WORK INSTRUCTIONS ::
The listing below holds a line with "obtain t r where" and a later line with "unfolding g_def using". Write out those two lines and every line between them, exactly, and nothing else.

MATERIAL TO PROCESS ::

lemma glue_partitions_restrict: "glue_partitions p (restrict t p) = glue_partitions p t"
  by (simp add: glue_partitions_def)

lemma glue_induced_partition:
  assumes "s \<in> set_partitions n" "refines s p"
  shows "glue_partitions p (induced_partition s) = s"
proof -
  have "(`) (unrank B) ` induced_partition s B = {C\<in>s. C \<subseteq> B}" if "B \<in> p" for B
  proof -
    have "(`) (unrank B) ` induced_partition s B = (\<lambda>C. unrank B ` rank B ` C) ` {C\<in>s. C \<subseteq> B}"
      unfolding induced_partition_def by (simp add: image_comp o_def)
    also have "\<dots> = (\<lambda>C. C) ` {C\<in>s. C \<subseteq> B}"
      using unrank_rank[OF set_partition_block_finite[OF p \<open>B \<in> p\<close>]]
      by (intro image_cong) (auto simp: image_image subset_iff)
    finally show ?thesis by simp
  qed
  then show ?thesis
    using assms unfolding glue_partitions_def Defs.refines_def by auto
qed

lemma blocks_below_glue_partitions:
  assumes t: "t \<in> PiE p (\<lambda>B. set_partitions (card B))" and B: "B \<in> p"
  shows "{C\<in>glue_partitions p t. C \<subseteq> B} = (`) (unrank B) ` t B"
proof (intro equalityI subsetI)
  have part: "partition_on B' ((`) (unrank B') ` t B')" if "B' \<in> p" for B'
    using t that by (intro partition_on_unrank_image) auto
  fix C
  assume "C \<in> {C\<in>glue_partitions p t. C \<subseteq> B}"
  then obtain B' where B': "B' \<in> p" "C \<in> (`) (unrank B') ` t B'" and "C \<subseteq> B"
    unfolding glue_partitions_def by blast
  obtain x where "x \<in> C"
    using partition_onD3[OF part[OF B'(1)]] B'(2) by blast
  moreover have "C \<subseteq> B'"
    using partition_on_block_subset[OF part[OF B'(1)] B'(2)] .
  ultimately have "B' = B"
    using partition_on_same_block[OF set_partitions_partition_on[OF p] B'(1) B] \<open>C \<subseteq> B\<close> by blast
  then show "C \<in> (`) (unrank B) ` t B" using B' by simp
next
  fix C assume C: "C \<in> (`) (unrank B) ` t B"
  have "t B \<in> set_partitions (card B)" using t B by blast
  then have "C \<subseteq> B"
    using partition_on_block_subset[OF partition_on_unrank_image[OF _ B] C] by blast
  then show "C \<in> {C\<in>glue_partitions p t. C \<subseteq> B}"
    using B C unfolding glue_partitions_def by blast
qed

lemma induced_glue_partitions:
  assumes t: "t \<in> PiE p (\<lambda>B. set_partitions (card B))" and B: "B \<in> p"
  shows "induced_partition (glue_partitions p t) B = t B"
proof -
  have "rank B ` unrank B ` D = D" if "D \<in> t B" for D
  proof -
    have "D \<subseteq> {1..card B}"
      using t B that set_partition_block_subset[of "t B" "card B" D] by (simp add: PiE_iff)
    then have "rank B ` unrank B ` D = (\<lambda>x. x) ` D"
      unfolding image_image using rank_unrank[OF set_partition_block_finite[OF p B]]
      by (intro image_cong) auto
    then show ?thesis by simp
  qed
  then have "(\<lambda>D. rank B ` unrank B ` D) ` t B = (\<lambda>D. D) ` t B"
    by (intro image_cong) auto
  then show ?thesis
    unfolding induced_partition_def blocks_below_glue_partitions[OF t B] image_comp o_def by simp
qed

lemma induced_partition_mono:
  assumes s: "s \<in> set_partitions n" and "refines s' p" "refines s s'" "B \<in> p"
  shows "refines (induced_partition s B) (induced_partition s' B)"
proof -
  have "\<exists>C'\<in>s'. C' \<subseteq> B \<and> C \<subseteq> C'" if "C \<in> s" "C \<subseteq> B" for C
  proof -
    obtain C' where C': "C' \<in> s'" "C \<subseteq> C'"
      using \<open>refines s s'\<close> \<open>C \<in> s\<close> unfolding Defs.refines_def by blast
    moreover obtain B' where "B' \<in> p" "C' \<subseteq> B'"
      using \<open>refines s' p\<close> C'(1) unfolding Defs.refines_def by blast
    moreover have "B' = B"
      using refines_unique_block[OF s \<open>C \<in> s\<close> \<open>B' \<in> p\<close> \<open>B \<in> p\<close>] C'(2) \<open>C' \<subseteq> B'\<close> \<open>C \<subseteq> B\<close>
      by blast
    ultimately show ?thesis by blast
  qed
  then show ?thesis
    unfolding Defs.refines_def induced_partition_def by (fastforce intro: image_mono)
qed

lemma refines_if_induced_partitions_refine:
  assumes "refines s p" and induced: "\<forall>B\<in>p. refines (induced_partition s B) (induced_partition s' B)"
  shows "refines s s'"
  unfolding Defs.refines_def
proof
  fix C assume "C \<in> s"
  then obtain B where B: "B \<in> p" "C \<subseteq> B"
    using \<open>refines s p\<close> unfolding Defs.refines_def by blast
  then obtain C' where C': "C' \<in> s'" "C' \<subseteq> B" "rank B ` C \<subseteq> rank B ` C'"
    using induced \<open>C \<in> s\<close> unfolding Defs.refines_def induced_partition_def by blast
  have inj: "inj_on (rank B) B"
    using strict_mono_on_imp_inj_on[OF strict_mono_on_rank[OF set_partition_block_finite[OF p B(1)]]] .
  have "C \<subseteq> C'"
  proof
    fix c assume "c \<in> C"
    then have "rank B c \<in> rank B ` C'" using C'(3) by blast
    then show "c \<in> C'" using inj_on_image_mem_iff[OF inj] \<open>c \<in> C\<close> B(2) C'(2) by blast
  qed
  then show "\<exists>C'\<in>s'. C \<subseteq> C'" using C'(1) by blast
qed

lemma refines_iff_induced_partitions:
  assumes "s \<in> set_partitions n" "refines s p" "refines s' p"
  shows "refines s s' \<longleftrightarrow> (\<forall>B\<in>p. refines (induced_partition s B) (induced_partition s' B))"
  using assms induced_partition_mono refines_if_induced_partitions_refine by blast
(* Let $\mathfrak m=\mathfrak m_{-1}\oplus\mathfrak m_{-2}$ be a non-degenerate graded nilpotent Lie algebra of depth $2$ over $\mathbb C$, generated by $\mathfrak m_{-1}$, with $\dim\mathfrak m_{-2}=2$. Then the Tanaka prolongation of $\mathfrak m$ is infinite-dimensional.
   Context: A GNLA is a negatively graded Lie algebra $\mathfrak m=\bigoplus_{i\ge1}\mathfrak m_{-i}$ generated by $\mathfrak m_{-1}$; non-degenerate means $\mathfrak m_{-1}$ contains no non-zero central element. The Tanaka prolongation $\mathfrak g(\mathfrak m)$ is defined by $\mathfrak g_i(\mathfrak m)=\mathfrak m_i$ for $i<0$ and recursively, for $k\ge0$, $\mathfrak g_k(\mathfrak m)=\{\phi:\mathfrak m\to\bigoplus_{i<k}\mathfrak g_i(\mathfrak m)\text{ linear}\mid \phi(\mathfrak m_{-i})\subset\mathfrak g_{k-i}(\mathfrak m),\ \phi([x,y])=[\phi(x),y]+[x,\phi(y)]\ \forall x,y\in\mathfrak m\}$. *)

theory Defs
  imports Complex_Main
begin

text \<open>The Lie algebra m is the whole carrier type 'a, a complex vector space
  via the scalar multiplication scale; br is the Lie bracket; M1, M2 are the
  graded pieces m_{-1}, m_{-2}.\<close>

definition lie_algebra :: "(complex \<Rightarrow> 'a::ab_group_add \<Rightarrow> 'a) \<Rightarrow> ('a \<Rightarrow> 'a \<Rightarrow> 'a) \<Rightarrow> bool" where
  "lie_algebra scale br \<longleftrightarrow>
     vector_space scale \<and>
     (\<forall>x y z. br (x + y) z = br x z + br y z) \<and>
     (\<forall>x y z. br x (y + z) = br x y + br x z) \<and>
     (\<forall>c x y. br (scale c x) y = scale c (br x y)) \<and>
     (\<forall>c x y. br x (scale c y) = scale c (br x y)) \<and>
     (\<forall>x. br x x = 0) \<and>
     (\<forall>x y z. br x (br y z) + br y (br z x) + br z (br x y) = 0)"

definition gnla_depth2 ::
  "(complex \<Rightarrow> 'a::ab_group_add \<Rightarrow> 'a) \<Rightarrow> ('a \<Rightarrow> 'a \<Rightarrow> 'a) \<Rightarrow> 'a set \<Rightarrow> 'a set \<Rightarrow> bool" where
  "gnla_depth2 scale br M1 M2 \<longleftrightarrow>
     lie_algebra scale br \<and>
     (\<exists>B. finite B \<and> module.span scale B = UNIV) \<and>
     module.subspace scale M1 \<and> module.subspace scale M2 \<and>
     M1 \<inter> M2 = {0} \<and> (\<forall>x. \<exists>a\<in>M1. \<exists>b\<in>M2. x = a + b) \<and>
     M2 \<noteq> {0} \<and>
     (\<forall>a\<in>M1. \<forall>b\<in>M1. br a b \<in> M2) \<and>
     (\<forall>a\<in>M1. \<forall>b\<in>M2. br a b = 0) \<and>
     (\<forall>a\<in>M2. \<forall>b\<in>M1. br a b = 0) \<and>
     (\<forall>a\<in>M2. \<forall>b\<in>M2. br a b = 0) \<and>
     (\<forall>S. module.subspace scale S \<and> M1 \<subseteq> S \<and> (\<forall>x\<in>S. \<forall>y\<in>S. br x y \<in> S)
          \<longrightarrow> S = UNIV)"

definition nondegenerate :: "('a::zero \<Rightarrow> 'a \<Rightarrow> 'a) \<Rightarrow> 'a set \<Rightarrow> bool" where
  "nondegenerate br M1 \<longleftrightarrow> (\<forall>x\<in>M1. (\<forall>y. br x y = 0) \<longrightarrow> x = 0)"
text \<open>Admissibility is applied to the starting points \<open>\<gamma>\<^sub>k(-t\<^sub>k)\<close> and the times \<open>c + t\<^sub>k\<close>,
  along which the orbits are the solutions themselves.\<close>
lemma subseq_convergent_at:
  assumes "strict_mono (\<sigma> :: nat \<Rightarrow> nat)"
  shows "\<exists>r. strict_mono r \<and> convergent (\<lambda>k. \<gamma>s (\<sigma> (r k)) c)"
proof -
  obtain N where N: "\<And>j. \<bar>c\<bar> \<le> ts (\<sigma> (j + N))"
    using eventually_ts_subseq_ge[OF assms, of "\<bar>c\<bar>"]
    unfolding eventually_sequentially by (metis le_add2)
  define n where "n j = \<sigma> (j + N)" for j
  define xs where "xs j = \<gamma>s (n j) (- ts (n j))" for j
  define T where "T j = c + ts (n j)" for j
  have bounds: "\<bar>c\<bar> \<le> ts (n j)" for j
    using N unfolding n_def .
  have "strict_mono n"
    using assms unfolding n_def strict_mono_def by simp
  then have T_at_top: "filterlim T at_top sequentially"
    unfolding T_def
    by (intro filterlim_tendsto_add_at_top[OF tendsto_const]
        filterlim_compose[OF ts_at_top filterlim_subseq])
  have ts_nonneg: "0 \<le> ts (n j)" for j
    using bounds[of j] abs_ge_zero[of c] by linarith
  have xs_M: "xs j \<in> M" for j
    using solution_step(3)[of "n j" "- ts (n j)" "- ts (n j)"] ts_nonneg[of j]
    unfolding xs_def by simp
  have T_D: "(T j, xs j) \<in> D" and flow_eq: "Phi (T j) (xs j) = \<gamma>s (n j) c" for j
    using solution_step(1,2)[of "n j" "- ts (n j)" c] bounds[of j]
    unfolding xs_def T_def by (auto simp: abs_le_iff)
  have orbit_M: "flow_image D Phi {0..T j} {xs j} \<subseteq> M" for j
  proof
    fix z assume "z \<in> flow_image D Phi {0..T j} {xs j}"
    then obtain \<tau> where z: "z = Phi \<tau> (xs j)" "0 \<le> \<tau>" "\<tau> \<le> T j"
      unfolding flow_image_def by auto
    then have "- ts (n j) \<le> - ts (n j) + \<tau>" "- ts (n j) + \<tau> \<le> ts (n j)"
      using bounds[of j] unfolding T_def by (auto simp: abs_le_iff)
    then show "z \<in> M"
      using solution_step(2,3)[of "n j" "- ts (n j)" "- ts (n j) + \<tau>"] z(1)
      unfolding xs_def by simp
  qed
  obtain r y where "strict_mono r" "(\<lambda>k. Phi (T (r k)) (xs (r k))) \<longlonglongrightarrow> y"
    using strongly_admissible_M[unfolded strongly_admissible_def admissible_def, THEN conjunct1,
        rule_format, OF xs_M T_at_top orbit_M T_D] by blast
  then show ?thesis
    unfolding flow_eq n_def convergent_def
    by (intro exI[of _ "\<lambda>k. r k + N"]) (auto simp: strict_mono_def)
qed

lemma diagonal_subseq_convergent_at_integers:
  "\<exists>d. strict_mono d \<and> (\<forall>n. convergent (\<lambda>k. \<gamma>s (d k) (- real n)))"
proof -
  interpret diagonal: subseqs "\<lambda>n s. convergent (\<lambda>k. \<gamma>s (s k) (- real n))"
    by unfold_locales (simp add: subseq_convergent_at o_def)
  have tail: "convergent (\<lambda>k. \<gamma>s ((diagonal.diagseq \<circ> (+) (Suc n)) k) (- real n))" for n
  proof (rule diagonal.diagseq_holds)
    fix r s m
    assume "strict_mono (r :: nat \<Rightarrow> nat)" "convergent (\<lambda>k. \<gamma>s (s k) (- real m))"
    from convergent_subseq_convergent[OF this(2,1)]
    show "convergent (\<lambda>k. \<gamma>s ((s \<circ> r) k) (- real m))"
      by (simp add: o_def)
  qed
  have "convergent (\<lambda>k. \<gamma>s (diagonal.diagseq k) (- real n))" for n
  proof -
    obtain y where "(\<lambda>k. \<gamma>s (diagonal.diagseq (k + Suc n)) (- real n)) \<longlonglongrightarrow> y"
      using tail[of n] unfolding convergent_def by (auto simp: o_def add.commute)
    then show ?thesis
      unfolding convergent_def by (blast intro: LIMSEQ_offset)
  qed
  with diagonal.subseq_diagseq show ?thesis
    by auto
qed

lemma pointwise_convergent_subseq:
  "\<exists>d \<gamma>. strict_mono d \<and> (\<forall>t. (\<lambda>k. \<gamma>s (d k) t) \<longlonglongrightarrow> \<gamma> t)"
proof -
  obtain d where d: "strict_mono d" "\<And>n. convergent (\<lambda>k. \<gamma>s (d k) (- real n))"
    using diagonal_subseq_convergent_at_integers by blast
  have "convergent (\<lambda>k. \<gamma>s (d k) t)" for t
  proof -
    define n where "n = nat \<lceil>\<bar>t\<bar>\<rceil>"
    obtain y where "(\<lambda>k. \<gamma>s (d k) (- real n)) \<longlonglongrightarrow> y"
      using d(2) unfolding convergent_def by blast
    moreover have "0 \<le> t + real n"
      unfolding n_def by linarith
    ultimately have "(\<lambda>k. \<gamma>s (d k) (- real n + (t + real n))) \<longlonglongrightarrow> Phi (t + real n) y"
      by (rule subseq_tendsto_shift[OF d(1)])
    then show ?thesis
      unfolding convergent_def by auto
  qed
  with d(1) show ?thesis
    unfolding convergent_LIMSEQ_iff
    by (intro exI[of _ d] exI[of _ "\<lambda>t. lim (\<lambda>k. \<gamma>s (d k) t)"]) simp
qed

lemma pointwise_limit_is_full_solution:
  assumes "strict_mono d" "\<And>t. (\<lambda>k. \<gamma>s (d k) t) \<longlonglongrightarrow> \<gamma> t"
  shows "is_solution D Phi UNIV \<gamma>" "range \<gamma> \<subseteq> M"
proof -
  have "(t - s, \<gamma> s) \<in> D \<and> \<gamma> t = Phi (t - s) (\<gamma> s)" if "s \<le> t" for s t
  proof
    show "(t - s, \<gamma> s) \<in> D"
      using subseq_limit_forward_complete[OF assms(1) assms(2)[of s], of "t - s"] that by simp
    have "(\<lambda>k. \<gamma>s (d k) (s + (t - s))) \<longlonglongrightarrow> Phi (t - s) (\<gamma> s)"
      using subseq_tendsto_shift[OF assms(1) assms(2)[of s], of "t - s"] that by simp
    then show "\<gamma> t = Phi (t - s) (\<gamma> s)"
      using LIMSEQ_unique[OF assms(2)[of t]] by simp
  qed
  then show "is_solution D Phi UNIV \<gamma>"
    unfolding is_solution_def by blast
  show "range \<gamma> \<subseteq> M"
    using subseq_limit_in_M[OF assms] by blast
qed

lemma subseq_tendsto_at_converging_times:
  assumes "strict_mono g" "\<And>t. (\<lambda>k. \<gamma>s (g k) t) \<longlonglongrightarrow> \<gamma> t"
    and "\<tau> \<longlonglongrightarrow> t" "\<And>j. \<tau> j \<in> {a..b}"
  shows "(\<lambda>j. \<gamma>s (g j) (\<tau> j)) \<longlonglongrightarrow> \<gamma> t"
proof -
  define s where "s = min a t"
  have "s \<le> t" unfolding s_def by simp
  then have "(t - s, \<gamma> s) \<in> D" and \<gamma>t: "\<gamma> t = Phi (t - s) (\<gamma> s)"
    using pointwise_limit_is_full_solution(1)[OF assms(1,2)] unfolding is_solution_def by auto
  then have "(\<lambda>j. Phi (\<tau> j - s) (\<gamma>s (g j) s)) \<longlonglongrightarrow> \<gamma> t"
    using local_semiflow_tendsto[OF semiflow tendsto_diff[OF assms(3) tendsto_const] assms(2)]
      assms(4) by (simp add: s_def min_le_iff_disj)
  moreover have "eventually (\<lambda>j. Phi (\<tau> j - s) (\<gamma>s (g j) s) = \<gamma>s (g j) (\<tau> j)) sequentially"
    using eventually_ts_subseq_ge[OF assms(1), of "\<bar>s\<bar> + \<bar>b\<bar>"]
  proof eventually_elim
    case (elim j)
    have "s \<le> \<tau> j" "\<tau> j \<le> b" using assms(4)[of j] by (auto simp: s_def)
    with elim show ?case using solution_step(2)[of "g j" s "\<tau> j"] by simp
  qed
  ultimately show ?thesis
    by (rule Lim_transform_eventually)
qed

lemma trace_eventually_in_nbhd:
  assumes "strict_mono d" "\<And>t. (\<lambda>k. \<gamma>s (d k) t) \<longlonglongrightarrow> \<gamma> t"
    and "nbhd_in V {a..b} (sol_trace \<gamma> {a..b})"
  shows "\<exists>k0. \<forall>k>k0. sol_trace (\<gamma>s (d k)) {a..b} \<subseteq> V"
proof (rule ccontr)
  assume "\<not> ?thesis"
  then have "infinite {k. \<exists>t\<in>{a..b}. (t, \<gamma>s (d k) t) \<notin> V}"
    unfolding infinite_nat_iff_unbounded sol_trace_def by blast
  then obtain q :: "nat \<Rightarrow> nat" where q: "strict_mono q"
    and "\<forall>j. \<exists>t\<in>{a..b}. (t, \<gamma>s (d (q j)) t) \<notin> V"
    using infinite_enumerate by blast
  then obtain \<tau> where \<tau>: "\<And>j. \<tau> j \<in> {a..b}" and bad: "\<And>j. (\<tau> j, \<gamma>s (d (q j)) (\<tau> j)) \<notin> V"
    by metis
  obtain t r where t: "t \<in> {a..b}" and r: "strict_mono r" and "(\<tau> \<circ> r) \<longlonglongrightarrow> t"
    using compact_imp_seq_compact[OF compact_Icc] \<tau> unfolding seq_compact_def by metis
  then have \<tau>r: "(\<lambda>j. \<tau> (r j)) \<longlonglongrightarrow> t"
    by (simp add: o_def)
  define g where "g = d \<circ> q \<circ> r"
  have "strict_mono g"
    unfolding g_def using assms(1) q r by (intro strict_mono_o)
  moreover have "(\<lambda>k. \<gamma>s (g k) s) \<longlonglongrightarrow> \<gamma> s" for s
    using LIMSEQ_subseq_LIMSEQ[OF assms(2) strict_mono_o[OF q r]] by (simp add: g_def o_def)
  ultimately have "(\<lambda>j. \<gamma>s (g j) (\<tau> (r j))) \<longlonglongrightarrow> \<gamma> t"
    using subseq_tendsto_at_converging_times[OF _ _ \<tau>r] \<tau> by blast
  with \<tau>r have "((\<lambda>j. (\<tau> (r j), \<gamma>s (g j) (\<tau> (r j)))) \<longlongrightarrow> (t, \<gamma> t)) sequentially"
    by (rule tendsto_Pair)
  moreover have "eventually (\<lambda>j. (\<tau> (r j), \<gamma>s (g j) (\<tau> (r j))) \<in> {a..b} \<times> UNIV) sequentially"
    using \<tau> by simp
  ultimately have "eventually (\<lambda>j. (\<tau> (r j), \<gamma>s (g j) (\<tau> (r j))) \<in> V) sequentially"
    using nbhd_in_eventually[OF assms(3), of "(t, \<gamma> t)"] t unfolding sol_trace_def by blast
  then show False
    using bad by (simp add: g_def)
qed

EXERCISE ANSWER ::
  obtain t r where t: "t \<in> {a..b}" and r: "strict_mono r" and "(\<tau> \<circ> r) \<longlonglongrightarrow> t"
    using compact_imp_seq_compact[OF compact_Icc] \<tau> unfolding seq_compact_def by metis
  then have \<tau>r: "(\<lambda>j. \<tau> (r j)) \<longlonglongrightarrow> t"
    by (simp add: o_def)
  define g where "g = d \<circ> q \<circ> r"
  have "strict_mono g"
    unfolding g_def using assms(1) q r by (intro strict_mono_o)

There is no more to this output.